成长教育刻意面向世界。父亲为他聘请英语母语家教,妹妹则有意大利籍保姆。数年的地中海游历——沿亚得里亚海沿岸驾车穿行,走遍托斯卡纳和利古里亚的美食胜地,在阿马尔菲海岸盘桓——让他能够流利使用法语和意大利语。他取得了法律学位,短暂迷上了编程。父亲以特有的机智描述这段插曲:马克"冷却对JavaScript兴趣的速度,比傍晚微风中的意面更快”。叛逆昙花一现。
2015年,马克注册为个体经营者;2016年,他正式加入银座项目——不是父亲派来的实习生,而是有实际权重的合伙人:八十余家门店的菜单品鉴、品质审核、技术现代化,以及数以千计在线评论的持续监控。父亲的设计意图明确:马克以所有者合伙人身份入局,因为"当你是企业所有人,责任感和投入程度完全是另一个层次”。
2018年7月,瓦季姆在两天内将三十八家银座旗下公司的股份悉数转让给马克。市场估值约十亿卢布。马克二十三岁。结构性传承已告完成。剩下的,是创意层面的自我证明——与家族姓氏无关的东西。
独立自证 #
这份证明,以渔人街上一家希腊餐厅的形式到来。
2020年12月,疫情正盛,圣彼得堡餐饮业深陷困境,马克与阿琳娜·梅利尼科娃 (Alena Melnikova)——美食节Gourmet Days的创始人——联合开设了Grecco。这一概念明确独立于银座项目:以希腊料理为核心的地中海风味,设计师阿纳斯塔西娅·哈利奇茨卡娅 (Anastasia Khalchitskaya) 打造的室内空间灵感源自二十世纪五十年代度假酒店大堂——温暖的灰沙色调、原木材质、绿植点缀,让人未尝食物便已感受到地中海气息。菜单由主厨列昂尼德·伊万诺夫 (Leonid Ivanov) 操刀,涵盖前菜小食、土耳其烤饼、海鲜等;鸡尾酒出自曾跻身"全球50佳酒吧"的El Copitas调酒师之手。橄榄树成为Grecco的徽标——象征和平、简朴,以及橄榄油在希腊料理中的核心地位。

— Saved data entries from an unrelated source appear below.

text \<open>If \<open>S\<close> avoids the basepoint, its trace meets every \<open>t \<in> perp X F\<close> compactly because
  \<open>insert None (Some ` t)\<close> is compact, so the trace lies in \<open>F\<close>.\<close>
lemma k_space_family_topology:
  assumes lc: "locally_compact_space X" and H: "Hausdorff_space X" and F: "perp_closed X F"
  shows "k_space (family_topology X F)"
  unfolding k_space
proof (intro allI impI, elim conjE)
  let ?T = "family_topology X F"
  fix S assume S_sub: "S \<subseteq> topspace ?T"
    and S_k: "\<forall>K. compactin ?T K \<longrightarrow> closedin (subtopology ?T K) (K \<inter> S)"
  have compact_Int_S: "compactin ?T (K \<inter> S)" if K: "compactin ?T K" for K
  proof -
    have "closedin ?T K"
      using Hausdorff_space_family_topology[OF lc H F] K compactin_imp_closedin by blast
    then have "closedin ?T (K \<inter> S)"
      using S_k K closedin_trans_full by blast
    then show ?thesis
      using K closed_compactin by blast
  qed
  let ?S = "Some -` S"
  have trace_closed: "closedin X ?S"
    using lc H F S_sub compact_Int_S by (rule closedin_vimage_Some_family_topology)
  have S_carrier: "S \<subseteq> pt_carrier X"
    using S_sub F by (simp add: topspace_family_topology)
  then have S_trace_sub: "?S \<subseteq> topspace X"
    by (auto simp: pt_carrier_def)
  show "closedin ?T S"
  proof (cases "None \<in> S")
    case True
    have "topspace ?T - S = Some ` (topspace X - ?S)"
      using F S_carrier True by (auto simp: topspace_family_topology pt_carrier_def)
    moreover have "openin ?T (Some ` (topspace X - ?S))"
      using F trace_closed by (simp add: openin_family_topology_image_Some closedin_def)
    ultimately show ?thesis
      using S_sub by (simp add: closedin_def)
  next
    case False
    have "?S \<in> F"
    proof (rule perp_closed_memI[OF F trace_closed])
      fix t assume t: "t \<in> perp X F"
      have "compactin ?T (insert None (Some ` t) \<inter> S)"
        using compact_Int_S[OF compactin_family_topology_insert_None[OF F t]] .
      moreover have "insert None (Some ` t) \<inter> S = Some ` t \<inter> S"
        using False by auto
      ultimately have "compactin ?T (Some ` t \<inter> S)"
        by simp
      then show "compactin X (t \<inter> ?S)"
        using closedin_subset[OF perp_closedin[OF t]] by (rule compactin_vimage_Some_family_topology[OF F])
    qed
    moreover have "S = Some ` ?S"
      using S_carrier False by (auto simp: pt_carrier_def)
    ultimately show ?thesis
      using closedin_family_topology_image_Some[OF F S_trace_sub] by simp
  qed
qed

lemma pointed_extension_family_topology:
  assumes lc: "locally_compact_space X" and H: "Hausdorff_space X" and F: "perp_closed X F"
  shows "pointed_extension X (family_topology X F)"
  unfolding pointed_extension_def
proof (intro conjI)
  show "topspace (family_topology X F) = pt_carrier X"
    using F by (rule topspace_family_topology)
  show "Hausdorff_space (family_topology X F)"
    using lc H F by (rule Hausdorff_space_family_topology)
  show "k_space (family_topology X F)"
    using lc H F by (rule k_space_family_topology)
  show "embedding_map X (family_topology X F) Some"
    using F by (rule embedding_map_Some_family_topology)
  have "openin (plus_top X) U" if "openin (family_topology X F) U" for U
    using that F perp_closed_closedin_all[of X]
    by (auto simp: plus_top_eq_family_topology openin_family_topology closedin_diff)
  moreover have "topspace (family_topology X F) = topspace (plus_top X)"
    using F perp_closed_closedin_all[of X]
    by (simp add: plus_top_eq_family_topology topspace_family_topology)
  ultimately show "continuous_map (plus_top X) (family_topology X F) (\<lambda>p. p)"
    using topology_finer_continuous_id[unfolded id_def] by blast
qed

definition closed_family :: "'a topology \<Rightarrow> 'a option topology \<Rightarrow> 'a set set" where
  "closed_family X T = {C. C \<subseteq> topspace X \<and> closedin T (Some ` C)}"

lemma closed_family_family_topology:
  assumes F: "perp_closed X F"
  shows "closed_family X (family_topology X F) = F"
  using closedin_family_topology_image_Some[OF F] closedin_subset[OF perp_closed_closedin[OF F]]
  by (auto simp: closed_family_def)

不到一年,Grecco摘得索巴卡网"年度最佳新餐厅”——在大欧洲酒店颁奖典礼上获得该类别最高公众票数。翌年,马克在喀山街开设MIO Bistrot,正对喀山大教堂,没有任何合伙人。意大利主厨弗朗切斯科·巴尔巴托 (Francesco Barbato) 与埃马努埃莱·普里莫 (Emanuele Primo) 共同出任主厨,但每一个创意与运营决策皆出于他一人。他对Яндекс Еда《开放厨房》说:“我有自己的风格和眼光……我需要空间,去实现纯属我自己的想法。所有责任都由我独自承担。出了问题,只能怪自己。“MIO Bistrot于2022年10月的索巴卡网颁奖典礼上荣获"年度最佳新餐厅”。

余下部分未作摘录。